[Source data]
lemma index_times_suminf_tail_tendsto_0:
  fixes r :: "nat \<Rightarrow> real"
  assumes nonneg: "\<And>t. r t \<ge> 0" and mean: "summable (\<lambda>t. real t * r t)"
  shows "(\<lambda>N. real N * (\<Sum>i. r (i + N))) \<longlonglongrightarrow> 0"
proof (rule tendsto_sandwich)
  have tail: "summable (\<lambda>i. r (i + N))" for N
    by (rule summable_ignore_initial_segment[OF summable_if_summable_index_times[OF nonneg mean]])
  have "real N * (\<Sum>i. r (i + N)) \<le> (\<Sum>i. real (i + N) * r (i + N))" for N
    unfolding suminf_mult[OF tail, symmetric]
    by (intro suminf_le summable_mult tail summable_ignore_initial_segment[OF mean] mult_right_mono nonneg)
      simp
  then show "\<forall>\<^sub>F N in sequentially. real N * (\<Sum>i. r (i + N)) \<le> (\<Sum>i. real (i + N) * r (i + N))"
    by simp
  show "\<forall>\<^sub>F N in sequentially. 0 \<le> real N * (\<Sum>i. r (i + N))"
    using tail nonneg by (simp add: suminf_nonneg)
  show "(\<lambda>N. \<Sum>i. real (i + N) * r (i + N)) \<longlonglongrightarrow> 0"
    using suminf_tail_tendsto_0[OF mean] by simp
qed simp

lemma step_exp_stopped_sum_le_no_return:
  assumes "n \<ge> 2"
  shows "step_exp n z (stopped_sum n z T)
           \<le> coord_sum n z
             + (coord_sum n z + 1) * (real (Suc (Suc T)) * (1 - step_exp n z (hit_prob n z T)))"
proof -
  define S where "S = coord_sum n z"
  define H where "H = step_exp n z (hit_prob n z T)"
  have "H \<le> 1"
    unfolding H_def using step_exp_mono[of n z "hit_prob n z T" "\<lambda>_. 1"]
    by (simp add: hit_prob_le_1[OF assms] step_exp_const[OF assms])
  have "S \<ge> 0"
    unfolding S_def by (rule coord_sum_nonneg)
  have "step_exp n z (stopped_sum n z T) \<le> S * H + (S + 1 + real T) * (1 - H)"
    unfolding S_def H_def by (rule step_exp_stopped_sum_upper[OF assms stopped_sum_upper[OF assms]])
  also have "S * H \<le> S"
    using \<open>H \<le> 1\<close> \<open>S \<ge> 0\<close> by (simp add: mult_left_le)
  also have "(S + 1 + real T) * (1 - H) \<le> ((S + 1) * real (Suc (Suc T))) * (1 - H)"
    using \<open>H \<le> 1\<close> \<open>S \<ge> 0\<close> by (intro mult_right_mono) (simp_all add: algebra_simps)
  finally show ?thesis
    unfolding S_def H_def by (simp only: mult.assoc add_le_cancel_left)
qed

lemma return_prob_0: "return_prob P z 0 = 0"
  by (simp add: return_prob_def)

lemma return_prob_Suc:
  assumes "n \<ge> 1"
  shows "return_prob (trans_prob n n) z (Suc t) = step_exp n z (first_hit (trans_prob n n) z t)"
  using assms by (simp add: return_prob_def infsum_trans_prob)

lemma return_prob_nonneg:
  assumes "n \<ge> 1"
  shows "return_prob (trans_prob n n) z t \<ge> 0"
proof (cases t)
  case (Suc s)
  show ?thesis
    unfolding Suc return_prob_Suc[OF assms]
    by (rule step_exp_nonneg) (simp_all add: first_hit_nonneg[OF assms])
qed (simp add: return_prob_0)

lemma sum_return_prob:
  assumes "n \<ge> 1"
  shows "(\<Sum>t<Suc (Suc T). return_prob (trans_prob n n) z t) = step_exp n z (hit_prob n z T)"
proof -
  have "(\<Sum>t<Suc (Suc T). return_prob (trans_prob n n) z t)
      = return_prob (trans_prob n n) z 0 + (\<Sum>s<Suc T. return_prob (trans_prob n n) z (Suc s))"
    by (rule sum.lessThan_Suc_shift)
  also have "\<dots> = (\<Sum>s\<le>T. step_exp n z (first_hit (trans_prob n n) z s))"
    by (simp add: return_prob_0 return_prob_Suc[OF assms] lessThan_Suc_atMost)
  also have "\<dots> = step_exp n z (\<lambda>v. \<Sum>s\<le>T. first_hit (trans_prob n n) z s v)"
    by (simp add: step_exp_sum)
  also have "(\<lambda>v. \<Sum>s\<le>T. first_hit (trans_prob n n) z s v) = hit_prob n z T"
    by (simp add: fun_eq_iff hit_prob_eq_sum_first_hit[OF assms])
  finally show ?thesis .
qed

==

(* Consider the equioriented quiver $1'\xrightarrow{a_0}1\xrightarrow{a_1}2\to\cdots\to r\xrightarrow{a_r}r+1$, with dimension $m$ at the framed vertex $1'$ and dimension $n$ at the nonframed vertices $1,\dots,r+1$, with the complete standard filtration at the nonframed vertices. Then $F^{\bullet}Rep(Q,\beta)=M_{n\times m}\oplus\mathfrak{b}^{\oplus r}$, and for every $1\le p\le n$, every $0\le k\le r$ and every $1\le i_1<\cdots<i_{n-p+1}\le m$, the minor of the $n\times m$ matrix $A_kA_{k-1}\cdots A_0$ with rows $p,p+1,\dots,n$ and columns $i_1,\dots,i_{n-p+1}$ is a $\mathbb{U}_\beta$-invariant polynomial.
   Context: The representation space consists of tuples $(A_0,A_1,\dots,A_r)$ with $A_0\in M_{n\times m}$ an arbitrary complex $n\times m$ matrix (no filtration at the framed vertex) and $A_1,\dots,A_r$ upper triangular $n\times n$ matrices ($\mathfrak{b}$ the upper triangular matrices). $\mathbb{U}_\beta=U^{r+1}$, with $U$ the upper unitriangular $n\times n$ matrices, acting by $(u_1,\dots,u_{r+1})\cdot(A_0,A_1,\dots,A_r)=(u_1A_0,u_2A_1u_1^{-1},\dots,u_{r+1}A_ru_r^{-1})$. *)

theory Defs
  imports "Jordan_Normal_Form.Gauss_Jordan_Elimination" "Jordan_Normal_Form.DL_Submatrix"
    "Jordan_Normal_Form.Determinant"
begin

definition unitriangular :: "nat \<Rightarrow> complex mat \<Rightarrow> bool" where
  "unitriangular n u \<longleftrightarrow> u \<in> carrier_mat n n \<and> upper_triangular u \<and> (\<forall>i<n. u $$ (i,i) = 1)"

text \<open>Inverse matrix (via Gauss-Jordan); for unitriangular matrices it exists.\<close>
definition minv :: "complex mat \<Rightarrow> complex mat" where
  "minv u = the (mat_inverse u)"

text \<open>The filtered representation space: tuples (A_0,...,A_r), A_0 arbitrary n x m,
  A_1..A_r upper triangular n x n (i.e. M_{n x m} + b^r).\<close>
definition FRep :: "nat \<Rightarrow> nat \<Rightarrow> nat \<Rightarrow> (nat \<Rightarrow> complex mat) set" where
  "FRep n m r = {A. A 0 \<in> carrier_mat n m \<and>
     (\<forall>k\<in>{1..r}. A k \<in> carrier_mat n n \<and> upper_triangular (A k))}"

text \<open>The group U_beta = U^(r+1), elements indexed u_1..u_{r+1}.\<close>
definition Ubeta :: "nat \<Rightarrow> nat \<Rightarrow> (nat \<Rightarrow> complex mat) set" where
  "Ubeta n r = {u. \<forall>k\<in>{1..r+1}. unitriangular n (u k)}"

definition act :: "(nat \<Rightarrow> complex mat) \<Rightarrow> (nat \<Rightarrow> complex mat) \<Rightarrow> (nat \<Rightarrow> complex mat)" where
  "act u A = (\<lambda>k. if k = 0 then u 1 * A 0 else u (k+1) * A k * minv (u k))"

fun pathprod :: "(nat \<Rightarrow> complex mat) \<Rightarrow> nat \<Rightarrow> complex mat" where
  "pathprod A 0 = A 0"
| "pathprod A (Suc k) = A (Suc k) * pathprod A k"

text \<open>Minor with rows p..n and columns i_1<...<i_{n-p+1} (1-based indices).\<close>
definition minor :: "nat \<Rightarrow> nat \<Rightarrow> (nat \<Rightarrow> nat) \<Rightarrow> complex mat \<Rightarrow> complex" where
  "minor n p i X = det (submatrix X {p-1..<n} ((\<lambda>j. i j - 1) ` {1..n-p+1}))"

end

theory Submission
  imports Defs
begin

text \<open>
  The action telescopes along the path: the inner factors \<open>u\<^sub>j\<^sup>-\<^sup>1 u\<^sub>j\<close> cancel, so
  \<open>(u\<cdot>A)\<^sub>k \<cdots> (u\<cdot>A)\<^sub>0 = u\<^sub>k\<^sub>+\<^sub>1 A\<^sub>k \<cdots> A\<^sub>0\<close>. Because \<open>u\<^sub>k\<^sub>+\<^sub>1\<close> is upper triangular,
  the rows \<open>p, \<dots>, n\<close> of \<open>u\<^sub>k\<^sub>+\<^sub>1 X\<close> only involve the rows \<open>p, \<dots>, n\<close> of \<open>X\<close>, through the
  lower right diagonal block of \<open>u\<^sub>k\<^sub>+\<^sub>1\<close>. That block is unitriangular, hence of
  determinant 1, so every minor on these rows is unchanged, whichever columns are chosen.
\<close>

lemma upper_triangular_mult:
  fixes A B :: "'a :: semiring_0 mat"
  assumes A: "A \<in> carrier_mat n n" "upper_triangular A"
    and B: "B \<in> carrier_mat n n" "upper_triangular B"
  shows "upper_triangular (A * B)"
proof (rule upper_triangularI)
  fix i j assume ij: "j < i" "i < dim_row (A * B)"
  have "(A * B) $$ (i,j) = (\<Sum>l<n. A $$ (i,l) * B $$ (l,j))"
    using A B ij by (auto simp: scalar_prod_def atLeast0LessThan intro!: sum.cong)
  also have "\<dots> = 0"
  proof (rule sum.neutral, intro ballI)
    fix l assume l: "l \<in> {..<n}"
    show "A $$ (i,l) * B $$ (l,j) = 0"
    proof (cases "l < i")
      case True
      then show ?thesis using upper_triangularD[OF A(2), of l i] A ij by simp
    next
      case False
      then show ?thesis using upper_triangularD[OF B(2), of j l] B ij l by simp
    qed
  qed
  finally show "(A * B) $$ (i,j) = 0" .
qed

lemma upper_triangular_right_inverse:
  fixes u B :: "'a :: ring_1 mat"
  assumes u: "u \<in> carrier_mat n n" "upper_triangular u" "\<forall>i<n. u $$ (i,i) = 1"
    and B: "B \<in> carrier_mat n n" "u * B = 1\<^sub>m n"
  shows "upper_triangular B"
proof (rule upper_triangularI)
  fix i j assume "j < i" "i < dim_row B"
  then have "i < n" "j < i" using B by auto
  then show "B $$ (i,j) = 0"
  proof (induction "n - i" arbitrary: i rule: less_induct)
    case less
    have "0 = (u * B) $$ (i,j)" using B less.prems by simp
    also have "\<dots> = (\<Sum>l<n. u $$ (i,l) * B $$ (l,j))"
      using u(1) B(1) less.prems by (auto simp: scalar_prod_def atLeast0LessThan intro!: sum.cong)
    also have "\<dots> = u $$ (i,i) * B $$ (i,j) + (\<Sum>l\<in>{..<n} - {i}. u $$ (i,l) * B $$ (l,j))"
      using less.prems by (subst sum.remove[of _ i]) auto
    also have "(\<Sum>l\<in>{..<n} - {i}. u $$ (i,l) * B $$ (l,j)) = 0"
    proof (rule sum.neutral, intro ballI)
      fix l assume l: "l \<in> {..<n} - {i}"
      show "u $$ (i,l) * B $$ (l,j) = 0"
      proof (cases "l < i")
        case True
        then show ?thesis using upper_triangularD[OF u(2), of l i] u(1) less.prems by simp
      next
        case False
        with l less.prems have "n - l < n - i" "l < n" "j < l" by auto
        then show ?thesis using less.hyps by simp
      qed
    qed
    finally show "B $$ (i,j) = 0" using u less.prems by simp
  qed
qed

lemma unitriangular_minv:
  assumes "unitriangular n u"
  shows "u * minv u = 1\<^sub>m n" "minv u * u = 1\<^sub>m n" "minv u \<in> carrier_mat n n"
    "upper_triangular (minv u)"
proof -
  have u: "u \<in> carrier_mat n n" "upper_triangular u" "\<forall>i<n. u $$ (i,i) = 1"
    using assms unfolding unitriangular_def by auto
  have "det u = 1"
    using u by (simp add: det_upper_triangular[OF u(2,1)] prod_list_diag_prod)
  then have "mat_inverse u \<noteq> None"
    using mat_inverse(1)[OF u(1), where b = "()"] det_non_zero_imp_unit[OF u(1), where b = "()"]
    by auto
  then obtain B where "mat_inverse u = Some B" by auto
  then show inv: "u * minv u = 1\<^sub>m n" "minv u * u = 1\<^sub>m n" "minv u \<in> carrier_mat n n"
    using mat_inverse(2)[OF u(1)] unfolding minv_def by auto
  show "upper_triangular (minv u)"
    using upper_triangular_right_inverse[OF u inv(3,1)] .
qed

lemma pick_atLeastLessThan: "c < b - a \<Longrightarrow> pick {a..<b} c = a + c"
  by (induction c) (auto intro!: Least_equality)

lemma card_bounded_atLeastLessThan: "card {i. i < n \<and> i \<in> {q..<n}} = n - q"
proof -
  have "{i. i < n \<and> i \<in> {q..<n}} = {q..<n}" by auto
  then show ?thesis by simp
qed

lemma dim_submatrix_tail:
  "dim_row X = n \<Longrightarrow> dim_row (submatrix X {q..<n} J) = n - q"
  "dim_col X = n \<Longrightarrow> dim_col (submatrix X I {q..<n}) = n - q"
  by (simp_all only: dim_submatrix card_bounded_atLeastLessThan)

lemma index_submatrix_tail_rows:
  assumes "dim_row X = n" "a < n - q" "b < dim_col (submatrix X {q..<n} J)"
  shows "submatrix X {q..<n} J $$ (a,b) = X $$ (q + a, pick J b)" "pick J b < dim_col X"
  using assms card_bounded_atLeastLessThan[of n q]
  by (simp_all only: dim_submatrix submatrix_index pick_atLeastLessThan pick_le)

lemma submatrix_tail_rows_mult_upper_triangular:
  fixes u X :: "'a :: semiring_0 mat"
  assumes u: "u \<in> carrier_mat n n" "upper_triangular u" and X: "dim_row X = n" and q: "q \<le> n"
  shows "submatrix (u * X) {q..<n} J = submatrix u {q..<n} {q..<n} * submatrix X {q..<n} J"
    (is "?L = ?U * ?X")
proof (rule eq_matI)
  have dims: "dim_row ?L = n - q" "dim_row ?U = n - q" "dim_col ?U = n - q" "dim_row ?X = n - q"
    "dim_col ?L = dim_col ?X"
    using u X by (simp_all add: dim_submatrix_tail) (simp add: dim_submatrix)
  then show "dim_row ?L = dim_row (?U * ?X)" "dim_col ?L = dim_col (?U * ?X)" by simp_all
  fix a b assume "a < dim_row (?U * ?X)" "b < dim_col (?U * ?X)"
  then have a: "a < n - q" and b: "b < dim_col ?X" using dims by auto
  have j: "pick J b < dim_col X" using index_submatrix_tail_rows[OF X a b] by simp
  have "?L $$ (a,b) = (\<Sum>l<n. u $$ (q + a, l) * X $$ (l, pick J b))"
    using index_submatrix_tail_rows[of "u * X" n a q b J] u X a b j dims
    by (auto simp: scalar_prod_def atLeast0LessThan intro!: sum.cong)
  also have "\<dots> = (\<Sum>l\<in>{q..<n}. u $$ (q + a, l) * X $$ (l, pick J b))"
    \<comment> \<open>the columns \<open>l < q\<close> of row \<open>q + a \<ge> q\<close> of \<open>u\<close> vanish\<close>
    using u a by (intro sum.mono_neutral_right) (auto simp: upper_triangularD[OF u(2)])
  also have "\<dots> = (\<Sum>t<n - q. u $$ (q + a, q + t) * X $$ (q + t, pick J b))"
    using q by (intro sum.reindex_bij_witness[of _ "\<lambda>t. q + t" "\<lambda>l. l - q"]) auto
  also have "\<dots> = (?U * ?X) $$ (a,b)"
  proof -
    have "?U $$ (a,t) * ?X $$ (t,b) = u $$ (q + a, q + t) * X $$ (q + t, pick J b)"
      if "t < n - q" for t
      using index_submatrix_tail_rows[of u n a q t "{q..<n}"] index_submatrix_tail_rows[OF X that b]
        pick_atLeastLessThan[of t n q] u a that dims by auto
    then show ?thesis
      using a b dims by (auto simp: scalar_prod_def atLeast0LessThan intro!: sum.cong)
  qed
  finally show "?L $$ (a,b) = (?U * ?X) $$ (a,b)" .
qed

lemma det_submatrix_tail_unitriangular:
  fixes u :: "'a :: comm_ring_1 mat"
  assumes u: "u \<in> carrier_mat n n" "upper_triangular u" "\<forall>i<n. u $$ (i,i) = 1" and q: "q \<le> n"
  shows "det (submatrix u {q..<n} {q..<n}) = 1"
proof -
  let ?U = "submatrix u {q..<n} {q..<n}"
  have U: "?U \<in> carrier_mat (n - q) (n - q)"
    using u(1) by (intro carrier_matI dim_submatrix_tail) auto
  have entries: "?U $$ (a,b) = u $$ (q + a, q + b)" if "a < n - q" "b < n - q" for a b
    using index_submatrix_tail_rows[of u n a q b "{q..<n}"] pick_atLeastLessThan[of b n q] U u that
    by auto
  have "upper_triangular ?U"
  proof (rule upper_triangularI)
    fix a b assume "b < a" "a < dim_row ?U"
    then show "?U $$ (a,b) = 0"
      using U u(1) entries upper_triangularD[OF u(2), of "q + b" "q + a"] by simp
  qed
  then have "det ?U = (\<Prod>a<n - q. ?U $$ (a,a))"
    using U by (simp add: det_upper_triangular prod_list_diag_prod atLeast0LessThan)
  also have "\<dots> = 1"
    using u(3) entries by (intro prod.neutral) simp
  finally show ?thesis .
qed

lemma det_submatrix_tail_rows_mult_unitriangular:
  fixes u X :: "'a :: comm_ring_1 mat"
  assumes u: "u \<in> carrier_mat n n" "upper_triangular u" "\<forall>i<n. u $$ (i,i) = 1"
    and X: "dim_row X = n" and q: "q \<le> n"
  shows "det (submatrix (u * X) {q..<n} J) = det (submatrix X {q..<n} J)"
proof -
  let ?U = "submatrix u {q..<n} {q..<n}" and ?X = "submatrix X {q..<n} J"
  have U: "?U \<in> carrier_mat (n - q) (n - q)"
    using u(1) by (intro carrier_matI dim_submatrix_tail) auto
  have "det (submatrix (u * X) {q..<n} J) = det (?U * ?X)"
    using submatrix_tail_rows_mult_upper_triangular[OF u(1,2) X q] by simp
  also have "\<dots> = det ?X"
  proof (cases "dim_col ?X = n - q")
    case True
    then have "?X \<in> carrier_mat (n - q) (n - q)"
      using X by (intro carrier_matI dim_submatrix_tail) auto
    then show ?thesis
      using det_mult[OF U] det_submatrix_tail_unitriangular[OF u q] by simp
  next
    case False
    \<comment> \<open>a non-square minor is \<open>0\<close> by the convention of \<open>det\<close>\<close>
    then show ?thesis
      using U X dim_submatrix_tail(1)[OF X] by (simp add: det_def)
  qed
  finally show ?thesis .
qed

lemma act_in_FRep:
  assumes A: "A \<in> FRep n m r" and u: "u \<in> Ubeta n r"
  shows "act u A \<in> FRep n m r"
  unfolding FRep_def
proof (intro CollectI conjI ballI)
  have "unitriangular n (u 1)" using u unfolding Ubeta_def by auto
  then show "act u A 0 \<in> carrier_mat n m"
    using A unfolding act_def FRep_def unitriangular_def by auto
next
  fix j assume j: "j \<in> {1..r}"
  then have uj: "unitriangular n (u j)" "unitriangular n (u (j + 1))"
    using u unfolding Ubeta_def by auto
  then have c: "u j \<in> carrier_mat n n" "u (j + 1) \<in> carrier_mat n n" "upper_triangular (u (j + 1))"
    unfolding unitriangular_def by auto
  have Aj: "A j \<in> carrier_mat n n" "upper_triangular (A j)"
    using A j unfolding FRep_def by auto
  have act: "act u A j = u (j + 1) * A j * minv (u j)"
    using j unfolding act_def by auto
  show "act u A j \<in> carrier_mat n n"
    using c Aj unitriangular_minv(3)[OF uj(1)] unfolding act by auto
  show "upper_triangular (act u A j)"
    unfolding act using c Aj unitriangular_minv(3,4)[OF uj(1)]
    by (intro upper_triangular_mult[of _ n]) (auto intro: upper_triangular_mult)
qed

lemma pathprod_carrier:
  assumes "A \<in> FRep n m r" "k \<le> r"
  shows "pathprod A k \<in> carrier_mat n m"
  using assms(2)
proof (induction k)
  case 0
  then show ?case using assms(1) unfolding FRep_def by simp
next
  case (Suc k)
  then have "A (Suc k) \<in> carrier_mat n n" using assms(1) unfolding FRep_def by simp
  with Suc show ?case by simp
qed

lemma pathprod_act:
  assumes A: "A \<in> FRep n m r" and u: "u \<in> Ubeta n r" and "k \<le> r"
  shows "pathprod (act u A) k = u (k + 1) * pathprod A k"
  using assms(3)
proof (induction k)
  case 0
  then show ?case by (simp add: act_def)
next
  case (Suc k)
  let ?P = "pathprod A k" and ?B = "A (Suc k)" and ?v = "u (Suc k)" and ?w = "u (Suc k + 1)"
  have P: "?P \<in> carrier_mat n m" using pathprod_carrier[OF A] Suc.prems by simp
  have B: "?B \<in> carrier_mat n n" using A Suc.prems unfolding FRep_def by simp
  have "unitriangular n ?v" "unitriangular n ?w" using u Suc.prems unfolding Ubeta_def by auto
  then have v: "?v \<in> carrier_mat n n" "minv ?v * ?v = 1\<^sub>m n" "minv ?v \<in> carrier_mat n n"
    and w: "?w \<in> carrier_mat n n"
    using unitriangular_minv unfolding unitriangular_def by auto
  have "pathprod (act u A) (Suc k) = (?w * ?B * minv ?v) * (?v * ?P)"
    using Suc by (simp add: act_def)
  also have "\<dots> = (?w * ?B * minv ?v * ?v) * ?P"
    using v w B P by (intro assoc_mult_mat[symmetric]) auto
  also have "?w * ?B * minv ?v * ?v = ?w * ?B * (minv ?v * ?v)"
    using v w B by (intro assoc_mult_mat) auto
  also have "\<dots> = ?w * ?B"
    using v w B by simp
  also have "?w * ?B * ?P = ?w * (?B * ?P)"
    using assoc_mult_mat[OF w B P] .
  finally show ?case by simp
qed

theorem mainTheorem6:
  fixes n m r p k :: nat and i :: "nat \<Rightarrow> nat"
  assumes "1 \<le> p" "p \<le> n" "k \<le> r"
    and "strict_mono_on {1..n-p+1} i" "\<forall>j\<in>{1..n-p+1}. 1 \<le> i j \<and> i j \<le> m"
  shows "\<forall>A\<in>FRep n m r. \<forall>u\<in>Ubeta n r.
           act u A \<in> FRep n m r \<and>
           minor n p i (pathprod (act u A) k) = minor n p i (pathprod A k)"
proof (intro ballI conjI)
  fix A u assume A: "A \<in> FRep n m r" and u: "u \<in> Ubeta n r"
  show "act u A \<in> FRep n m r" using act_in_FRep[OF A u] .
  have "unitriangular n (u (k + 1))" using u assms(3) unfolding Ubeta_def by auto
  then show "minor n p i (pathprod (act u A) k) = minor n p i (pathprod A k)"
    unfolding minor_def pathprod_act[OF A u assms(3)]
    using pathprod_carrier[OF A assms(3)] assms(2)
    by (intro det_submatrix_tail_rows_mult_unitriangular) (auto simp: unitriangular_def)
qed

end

Task objective:
Every line holding the word "define" should be copied out of the records above.

Response for this exercise:
  define S where "S = coord_sum n z"
  define H where "H = step_exp n z (hit_prob n z T)"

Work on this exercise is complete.